13. (D) The conjugate base generated by the loss of the hydrogen ion through resonance 
increases the negative charge of the aromatic system. An electron-withdrawing group will 
stabilize this anion; however, an electron-donating group would have the opposite effect 
and make the acid weaker. The amino group is an electron-donating group. The amino 
group does not destabilize the aromatic system, and it is too small to create any significant 
steric hindrance.
14. (B) The triflate anion has the ability to exist in resonance forms with delocalization of 
the negative charge. This resonance stabilizes the structure, making it more stable than the 
hydroxide ion and a better leaving group.
15. (B) Here you have a six-carbon backbone with alternating single and double bonds. 

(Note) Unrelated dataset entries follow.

lemma INF_norm_diff_scaleR_cball:
  fixes w :: "'a::real_normed_vector"
  assumes "b \<ge> 0"
  shows "(INF z \<in> cball 0 1. norm (w - b *\<^sub>R z)) = max 0 (norm w - b)"
proof (rule antisym)
  define z where "z = (if norm w \<le> b then (1 / b) *\<^sub>R w else sgn w)"
  have "z \<in> cball 0 1"
    using assms by (auto simp: z_def norm_sgn divide_le_eq)
  moreover have "norm (w - b *\<^sub>R z) = max 0 (norm w - b)"
  proof (cases "norm w \<le> b")
    case True
    then show ?thesis
      using assms by (cases "b = 0") (auto simp: z_def)
  next
    case False
    then have "w - b *\<^sub>R z = (1 - b / norm w) *\<^sub>R w"
      by (simp add: z_def sgn_div_norm algebra_simps divide_inverse)
    moreover have "0 \<le> 1 - b / norm w"
      using False by (simp add: divide_le_eq)
    ultimately have "norm (w - b *\<^sub>R z) = (1 - b / norm w) * norm w"
      by simp
    moreover have "w \<noteq> 0"
      using False assms by auto
    ultimately have "norm (w - b *\<^sub>R z) = norm w - b"
      by (simp add: left_diff_distrib)
    then show ?thesis
      using False by simp
  qed
  ultimately show "(INF z \<in> cball 0 1. norm (w - b *\<^sub>R z)) \<le> max 0 (norm w - b)"
    by (metis cINF_lower bdd_belowI2 norm_ge_zero)
next
  have "norm w - b \<le> norm (w - b *\<^sub>R z)" if "z \<in> cball 0 1" for z
  proof -
    have "norm (b *\<^sub>R z) \<le> b"
      using that assms by (simp add: mult_left_le)
    then show ?thesis
      using norm_triangle_ineq2[of w "b *\<^sub>R z"] by linarith
  qed
  then show "max 0 (norm w - b) \<le> (INF z \<in> cball 0 1. norm (w - b *\<^sub>R z))"
    by (intro cINF_greatest) auto
qed

definition disc_distance :: "nat \<Rightarrow> nat \<Rightarrow> (nat \<Rightarrow> real) \<Rightarrow> real \<Rightarrow> real \<Rightarrow> real" where
  "disc_distance n k \<gamma> d \<omega> =
     max 0 (cmod (empirical_char n \<gamma> d \<omega> - complex_of_real (real (n - k) / real n))
            - real k / real n)"

lemma crit_eq_SUP_disc_distance:
  "crit n k \<theta> \<gamma> \<mu> = (SUP \<omega>. disc_distance n k \<gamma> (\<theta> - \<mu>) \<omega>)"
proof -
  have disc: "{z. cmod z \<le> 1} = cball 0 1"
    by auto
  have radius_nonneg: "0 \<le> real k / real n"
    by simp
  have disc_inf: "(INF \<zeta> \<in> {z. cmod z \<le> 1}. cmod (w - complex_of_real (real k / real n) * \<zeta>))
      = max 0 (cmod w - real k / real n)" for w
    using INF_norm_diff_scaleR_cball[OF radius_nonneg, of w, unfolded scaleR_conv_of_real]
    unfolding disc .
  show ?thesis
    unfolding crit_def disc_distance_def E_law_compensated_phase_mean by (simp only: disc_inf)
qed

lemma sum_lessThan_split_support:
  fixes f :: "nat \<Rightarrow> 'a::comm_semiring_1"
  assumes "\<And>j. j < n \<Longrightarrow> \<gamma> j = 0 \<Longrightarrow> f j = c"
  shows "(\<Sum>j<n. f j) =
           of_nat (n - l0_norm n \<gamma>) * c + (\<Sum>j \<in> {j \<in> {..<n}. \<gamma> j \<noteq> 0}. f j)"
proof -
  define S where "S = {j \<in> {..<n}. \<gamma> j \<noteq> 0}"
  have "(\<Sum>j<n. f j) = (\<Sum>j \<in> {..<n} - S. f j) + (\<Sum>j \<in> S. f j)"
    by (rule sum.subset_diff) (auto simp: S_def)
  also have "(\<Sum>j \<in> {..<n} - S. f j) = of_nat (card ({..<n} - S)) * c"
    using assms by (simp add: S_def)
  also have "card ({..<n} - S) = n - l0_norm n \<gamma>"
    by (subst card_Diff_subset) (auto simp: S_def l0_norm_def)
  finally show ?thesis
    by (simp add: S_def)
qed

lemma l0_norm_le: "l0_norm n \<gamma> \<le> n"
  unfolding l0_norm_def using card_mono[of "{..<n}" "{j \<in> {..<n}. \<gamma> j \<noteq> 0}"] by auto

lemma norm_empirical_char_le_1: "cmod (empirical_char n \<gamma> d \<omega>) \<le> 1"
proof -
  have "cmod (\<Sum>j<n. exp (\<i> * complex_of_real (\<omega> * (d + \<gamma> j)))) \<le> real n"
    using norm_sum[of "\<lambda>j. exp (\<i> * complex_of_real (\<omega> * (d + \<gamma> j)))" "{..<n}"]
    by (simp add: norm_exp)
  then show ?thesis
    by (cases "n = 0") (auto simp: empirical_char_def norm_divide)
qed

lemma empirical_char_unshifted_close:
  assumes "l0_norm n \<gamma> \<le> k" "k \<le> n"
  shows "cmod (empirical_char n \<gamma> 0 \<omega> - complex_of_real (real (n - k) / real n))
           \<le> real k / real n"
proof -
  define S where "S = {j \<in> {..<n}. \<gamma> j \<noteq> 0}"
  define e where "e = (\<lambda>j. exp (\<i> * complex_of_real (\<omega> * \<gamma> j)))"
  have "(\<Sum>j<n. e j) = of_nat (n - l0_norm n \<gamma>) + (\<Sum>j \<in> S. e j)"
    using sum_lessThan_split_support[of n \<gamma> e 1] by (simp add: e_def S_def)
  then have "(\<Sum>j<n. e j) - of_nat (n - k) = of_nat (k - l0_norm n \<gamma>) + (\<Sum>j \<in> S. e j)"
    using assms by (simp add: of_nat_diff)
  also have "cmod \<dots> \<le> real (k - l0_norm n \<gamma>) + real (card S)"
    using norm_sum[of e S] by (intro norm_triangle_le add_mono) (simp_all add: e_def norm_exp)
  also have "\<dots> = real k"
    using assms by (simp add: S_def l0_norm_def)
  finally have "cmod ((\<Sum>j<n. e j) - of_nat (n - k)) \<le> real k" .
  moreover have "empirical_char n \<gamma> 0 \<omega> - complex_of_real (real (n - k) / real n)
      = ((\<Sum>j<n. e j) - of_nat (n - k)) / of_nat n"
    by (simp add: empirical_char_def e_def diff_divide_distrib)
  ultimately show ?thesis
    by (simp add: norm_divide divide_right_mono)
qed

The bond between C(4) and C(5) is a single bond. Since there are sp2 bonds on either side 
of it, this bond has more s character than the sp3 hybrid bond in a normal alkane, and 
therefore it is shorter.
16. (A) The lone pair on the nitrogen resonates to form a double bond to the carbon, with 
one of the pairs from the double bond moving to the oxygen atom to give a stabilizing 
resonance form.
17. (A) The base is a catalyst in the hydrolysis of an ester because changing its concentra-
tion has no effect on the identity of the products of the reaction, and the base is not con-
sumed in the reaction. The conversion to the carboxylate ion is a distracter.
18. (D) Bonds 1 and 2 should be of equal length, since resonance will occur and they will 
be somewhere between a single and a double bond in length. The resonance makes bonds 
1 and 2 equal in length. Bond 3 is a double bond (without significant resonance) and will 
be shorter than bonds 1 and 2.
19. (A) The hydrogen labeled 3 will have the weakest bond (making it the most acidic) 
because of the two carbonyl oxygen withdrawing electron density. In addition, the loss of 
an H+ from position 3 leaves a resonance-stabilized carbanion. The presence of the two 
adjacent carbonyls is responsible for the resonance stabilization. The H at position 2 is more 
acidic than the H at position 1 than the H at position 4 because of the high electronegativity 
of the fluorine. The adjacent carbonyl, because of resonance, makes the hydrogen at position 
2 more acidic than the hydrogen at position 1.